Tubuhku menjadi lunglai, semangatku yang tadi berkobar-kobar meredup seketika menyaksikan kekalahan timnas Indonesia dalam adu penalty. Indonesia kembali menangis, para pemain tertunduk lesu dihadapan puluhan ribu pendukung yang meletakkan harapan juara pada pundak-pundak mereka. Aku menangis di dalam hati. Bapak lantas masuk ke kamarnya karena kutahu beliau kecewa atas kekalahan timnas Indonesia untuk kesekian kalinya. Harga diri bangsa jatuh di antara teriakan-teriakan kegirangan pemain Malaysia yang berpelukan satu sama lain merayakan kemenangan dan meraih medali emas. Impian untuk revans tak terpenuhi. Tuhan ternyata lebih menghendaki negeri jiran itu menjadi sang Pemenang untuk kali ini mengulang sukses mereka di Sea Games sebelumnya.
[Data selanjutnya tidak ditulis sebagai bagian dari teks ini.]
lemma col_sympJ: "j < 2 * n \<Longrightarrow> col (sympJ n) j = unit_vec (2 * n) (site_partner j)"
proof -
  have "(i div 2 = j div 2 \<and> i \<noteq> j) \<longleftrightarrow> i = site_partner j" for i
    using site_partner_iff[of j i] by auto
  then show "j < 2 * n \<Longrightarrow> ?thesis" unfolding sympJ_def by (intro eq_vecI) (auto simp: unit_vec_def)
qed

lemma dim_sympJ [simp]: "dim_row (sympJ n) = 2 * n" "dim_col (sympJ n) = 2 * n"
  unfolding sympJ_def by simp_all

lemma sympJ_carrier_mat [simp]: "sympJ n \<in> carrier_mat (2 * n) (2 * n)"
  by (rule carrier_matI) simp_all

lemma sympJ_mult_vec:
  "y \<in> carrier_vec (2 * n) \<Longrightarrow> sympJ n *\<^sub>v y = vec (2 * n) (\<lambda>i. y $ site_partner i)"
  by (intro eq_vecI) (simp_all add: row_sympJ site_partner_less)

lemma sympJ_mult_vec_carrier [simp]: "sympJ n *\<^sub>v y \<in> carrier_vec (2 * n)"
  by (rule carrier_vecI) simp

lemma sympJ_mult_sympJ: "sympJ n * sympJ n = 1\<^sub>m (2 * n)"
  by (intro eq_matI) (auto simp: row_sympJ col_sympJ site_partner_less)

lemma symplectic_left_inverse:
  assumes "symplectic n W"
  shows "(sympJ n * transpose_mat W * sympJ n) * W = 1\<^sub>m (2 * n)"
proof (rule mat_mult_left_right_inverse)
  have W: "W \<in> carrier_mat (2 * n) (2 * n)" and WJW: "W * sympJ n * transpose_mat W = sympJ n"
    using assms unfolding symplectic_def by auto
  have "W * (sympJ n * transpose_mat W * sympJ n) = (W * sympJ n * transpose_mat W) * sympJ n"
    using W by (simp add: assoc_mult_mat[of _ "2 * n" "2 * n" _ "2 * n" _ "2 * n"]
        mult_carrier_mat[of _ "2 * n" "2 * n" _ "2 * n"])
  then show "W * (sympJ n * transpose_mat W * sympJ n) = 1\<^sub>m (2 * n)"
    by (simp add: WJW sympJ_mult_sympJ)
qed (use assms in \<open>auto simp: symplectic_def\<close>)

lemma symplectic_transpose:
  assumes "symplectic n W"
  shows "transpose_mat W * sympJ n * W = sympJ n"
proof -
  let ?J = "sympJ n"
  have W: "W \<in> carrier_mat (2 * n) (2 * n)" using assms unfolding symplectic_def by auto
  have "transpose_mat W * ?J * W = (?J * ?J) * (transpose_mat W * ?J * W)"
    using W by (simp add: sympJ_mult_sympJ)
  also have "\<dots> = ?J * ((?J * transpose_mat W * ?J) * W)"
    using W by (simp add: assoc_mult_mat[of _ "2 * n" "2 * n" _ "2 * n" _ "2 * n"]
        mult_carrier_mat[of _ "2 * n" "2 * n" _ "2 * n"])
  also have "\<dots> = ?J" using symplectic_left_inverse[OF assms] by simp
  finally show ?thesis .
qed

lemma symplectic_finite_order:
  assumes "symplectic n W"
  shows "\<exists>N \<ge> 1. W ^\<^sub>m N = 1\<^sub>m (2 * n)"
proof (rule pow_mat_finite_order)
  have bits: "(UNIV :: bit set) = {0, 1}" by (auto intro: bit.exhaust)
  show "finite (UNIV :: bit set)" unfolding bits by simp
  show "(sympJ n * transpose_mat W * sympJ n) * W = 1\<^sub>m (2 * n)" by (rule symplectic_left_inverse[OF assms])
qed (use assms in \<open>auto simp: symplectic_def\<close>)

definition symp_form :: "nat \<Rightarrow> bit vec \<Rightarrow> bit vec \<Rightarrow> bit" where
  "symp_form n x y = x \<bullet> (sympJ n *\<^sub>v y)"

lemma symp_form_partner_unit:
  assumes "x \<in> carrier_vec (2 * n)" "j < 2 * n"
  shows "symp_form n x (unit_vec (2 * n) (site_partner j)) = x $ j"
proof -
  have "sympJ n *\<^sub>v unit_vec (2 * n) (site_partner j) = unit_vec (2 * n) j"
    using assms(2) by (intro eq_vecI) (auto simp: sympJ_mult_vec site_partner_less unit_vec_def)
  then show ?thesis using assms unfolding symp_form_def by simp
qed

lemma symp_form_mult_symplectic:
  assumes "symplectic n W" and x: "x \<in> carrier_vec (2 * n)" and y: "y \<in> carrier_vec (2 * n)"
  shows "symp_form n (W *\<^sub>v x) (W *\<^sub>v y) = symp_form n x y"
proof -
  let ?J = "sympJ n"
  have W: "W \<in> carrier_mat (2 * n) (2 * n)" using assms(1) unfolding symplectic_def by auto
  have JWy: "?J *\<^sub>v (W *\<^sub>v y) \<in> carrier_vec (2 * n)" by simp
  have "symp_form n (W *\<^sub>v x) (W *\<^sub>v y) = (?J *\<^sub>v (W *\<^sub>v y)) \<bullet> (W *\<^sub>v x)"
    unfolding symp_form_def using W x JWy by (intro comm_scalar_prod[of _ "2 * n"]) simp_all
  also have "\<dots> = (transpose_mat W *\<^sub>v (?J *\<^sub>v (W *\<^sub>v y))) \<bullet> x"
    by (rule transpose_vec_mult_scalar[OF W x JWy, symmetric])
  also have "transpose_mat W *\<^sub>v (?J *\<^sub>v (W *\<^sub>v y)) = (transpose_mat W * ?J * W) *\<^sub>v y"
    using W y by (simp add: assoc_mult_mat_vec[of _ "2 * n" "2 * n" _ "2 * n"]
        mult_carrier_mat[of _ "2 * n" "2 * n" _ "2 * n"])
  also have "((transpose_mat W * ?J * W) *\<^sub>v y) \<bullet> x = symp_form n x y"
    unfolding symplectic_transpose[OF assms(1)] symp_form_def using x y
    by (intro comm_scalar_prod[of _ "2 * n"]) simp_all
  finally show ?thesis .
qed

lemma symp_form_pow_symplectic:
  assumes "symplectic n W" "x \<in> carrier_vec (2 * n)" "y \<in> carrier_vec (2 * n)"
  shows "symp_form n (W ^\<^sub>m t *\<^sub>v x) (W ^\<^sub>m t *\<^sub>v y) = symp_form n x y"
proof -
  have W: "W \<in> carrier_mat (2 * n) (2 * n)" using assms(1) unfolding symplectic_def by auto
  have step: "W ^\<^sub>m Suc t *\<^sub>v z = W ^\<^sub>m t *\<^sub>v (W *\<^sub>v z)" if "z \<in> carrier_vec (2 * n)" for t z
    using W that by (simp add: assoc_mult_mat_vec[of _ "2 * n" "2 * n" _ "2 * n"])
  show ?thesis
    using assms(2,3)
  proof (induct t arbitrary: x y)
    case (Suc t)
    then show ?case using W step symp_form_mult_symplectic[OF assms(1)] by simp
  qed (use W in simp)
qed

section \<open>Walls and orbit spans\<close>

lemma Vsub_carrier: "v \<in> Vsub n S \<Longrightarrow> v \<in> carrier_vec (2 * n)"
  unfolding Vsub_def by simp

lemma Vsub_vanish: "v \<in> Vsub n S \<Longrightarrow> j < 2 * n \<Longrightarrow> j div 2 \<notin> S \<Longrightarrow> v $ j = 0"
  unfolding Vsub_def by simp

lemma VsubI:
  "v \<in> carrier_vec (2 * n) \<Longrightarrow> (\<And>j. j < 2 * n \<Longrightarrow> j div 2 \<notin> S \<Longrightarrow> v $ j = 0) \<Longrightarrow> v \<in> Vsub n S"
  unfolding Vsub_def by simp

lemma zero_Vsub: "0\<^sub>v (2 * n) \<in> Vsub n S"
  unfolding Vsub_def by simp

lemma add_Vsub: "v \<in> Vsub n S \<Longrightarrow> w \<in> Vsub n S \<Longrightarrow> v + w \<in> Vsub n S"
  unfolding Vsub_def by auto

lemma Vsub_mono: "S \<subseteq> T \<Longrightarrow> Vsub n S \<subseteq> Vsub n T"
  unfolding Vsub_def by auto

lemma Vsub_Int: "Vsub n S \<inter> Vsub n T = Vsub n (S \<inter> T)"
  unfolding Vsub_def by auto

lemma sympJ_mult_Vsub: "y \<in> Vsub n S \<Longrightarrow> sympJ n *\<^sub>v y \<in> Vsub n S"
  by (intro VsubI) (auto simp: sympJ_mult_vec Vsub_carrier site_partner_less Vsub_vanish)

lemma symp_form_Vsub_disjoint:
  assumes "x \<in> Vsub n S" "y \<in> Vsub n T" "S \<inter> T = {}"
  shows "symp_form n x y = 0"
proof -
  have Jy: "sympJ n *\<^sub>v y \<in> Vsub n T" by (rule sympJ_mult_Vsub[OF assms(2)])
  have "x $ i * (sympJ n *\<^sub>v y) $ i = 0" if "i < 2 * n" for i
    using that assms(3) Vsub_vanish[OF assms(1) that] Vsub_vanish[OF Jy that] by auto
  then show ?thesis
    unfolding symp_form_def scalar_prod_def using Jy Vsub_carrier by (intro sum.neutral) auto
qed

lemma left_wall_pow:
  assumes "left_wall n W L C" "W \<in> carrier_mat (2 * n) (2 * n)" "l \<in> Vsub n L"
  shows "W ^\<^sub>m t *\<^sub>v l \<in> Vsub n (L \<union> C)"
proof (cases "t = 0")
  case True
  then show ?thesis using assms(2,3) Vsub_carrier[OF assms(3)] Vsub_mono[of L "L \<union> C" n] by auto
qed (use assms in \<open>auto simp: left_wall_def\<close>)

text \<open>Coordinate j of W^t r is its symplectic pairing with the unit vector e at the partner
  coordinate of j.  As W^N = 1, e = W^t y for y = W^((N - 1) t) e, which the left wall puts on
  L \<union> C; by invariance the pairing equals that of r and y, which have disjoint supports.\<close>
lemma right_wall_from_left_wall:
  assumes symp: "symplectic n W" and wall: "left_wall n W L C"
    and cover: "{0..<n} \<subseteq> L \<union> C \<union> R" and disj: "R \<inter> (L \<union> C) = {}"
    and r: "r \<in> Vsub n R"
  shows "W ^\<^sub>m t *\<^sub>v r \<in> Vsub n (C \<union> R)"
proof (rule VsubI)
  have W: "W \<in> carrier_mat (2 * n) (2 * n)" using symp unfolding symplectic_def by auto
  have rc: "r \<in> carrier_vec (2 * n)" using r by (rule Vsub_carrier)
  show Wr: "W ^\<^sub>m t *\<^sub>v r \<in> carrier_vec (2 * n)"
    using W rc by (metis mult_mat_vec_carrier pow_carrier_mat)
  obtain N where N: "N \<ge> 1" "W ^\<^sub>m N = 1\<^sub>m (2 * n)" using symplectic_finite_order[OF symp] by blast
  fix j assume j: "j < 2 * n" "j div 2 \<notin> C \<union> R"
  moreover have "j div 2 < n" using j(1) by simp
  ultimately have "j div 2 \<in> L" using cover by auto
  define e :: "bit vec" where "e = unit_vec (2 * n) (site_partner j)"
  have eL: "e \<in> Vsub n L"
    unfolding e_def using \<open>j div 2 \<in> L\<close> by (intro VsubI) (auto simp: site_partner_less j(1))
  define y where "y = W ^\<^sub>m ((N - 1) * t) *\<^sub>v e"
  have yLC: "y \<in> Vsub n (L \<union> C)" unfolding y_def by (rule left_wall_pow[OF wall W eL])
  have "W ^\<^sub>m t *\<^sub>v y = (W ^\<^sub>m (t + (N - 1) * t)) *\<^sub>v e"
    unfolding y_def using W
    by (simp add: pow_mat_add[OF W] e_def assoc_mult_mat_vec[of _ "2 * n" "2 * n" _ "2 * n"])
  also have "t + (N - 1) * t = N * t" using N(1) by (simp add: algebra_simps)
  finally have "W ^\<^sub>m t *\<^sub>v y = e" using N(2) by (simp add: pow_mat_mult[OF W] e_def)
  then have "(W ^\<^sub>m t *\<^sub>v r) $ j = symp_form n (W ^\<^sub>m t *\<^sub>v r) (W ^\<^sub>m t *\<^sub>v y)"
    using symp_form_partner_unit[OF Wr j(1)] by (simp add: e_def)
  also have "\<dots> = symp_form n r y"
    using symp rc yLC Vsub_carrier by (simp add: symp_form_pow_symplectic)
  also have "\<dots> = 0" using symp_form_Vsub_disjoint[OF r yLC disj] .
  finally show "(W ^\<^sub>m t *\<^sub>v r) $ j = 0" .
qed

definition orbit_span :: "nat \<Rightarrow> bit mat \<Rightarrow> nat set \<Rightarrow> bit vec set" where
  "orbit_span n W S = z2span (2 * n) {(W ^\<^sub>m t) *\<^sub>v v | t v. v \<in> Vsub n S}"

lemma G_int_orbit_span: "G_int n W S C = projS n C ` orbit_span n W S"
  unfolding G_int_def orbit_span_def ..

lemma z2span_subset:
  assumes "0\<^sub>v d \<in> X" "\<And>v w. v \<in> X \<Longrightarrow> w \<in> X \<Longrightarrow> v + w \<in> X" "G \<subseteq> X"
  shows "z2span d G \<subseteq> X"
proof
  fix x assume "x \<in> z2span d G"
  then show "x \<in> X" by induct (use assms in auto)
qed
Aku mematikan televisi, kudengar bapak mengomel didalam kamar mengapa Timnas tak memainkan Ferry Rotinsulu. Sinetron Tutur Tinular kesayangannya terlewatkan malam ini hanya demi menyaksikan kegagalan beruntun timnas Indonesia.
Tak ada gunanya lagi nonton acara apapun malam ini. Aku ingin lekas tidur dan berharap dalam mimpiku dapat melihat Timnas Indonesia meraih berbagai gelar dan lolos ke Piala Dunia. Ah, ternyata dalam mimpipun Tuhan tak mengabulkan doaku untuk Timnas Indonesia. Seakan Tuhan berkata ; “Benahi dulu kompetisi dalam negeri, sepakbola jangan di politisi. Baru kalian boleh bermimpi untuk meraih kejayaan timnasmu kelak suatu hari nanti!”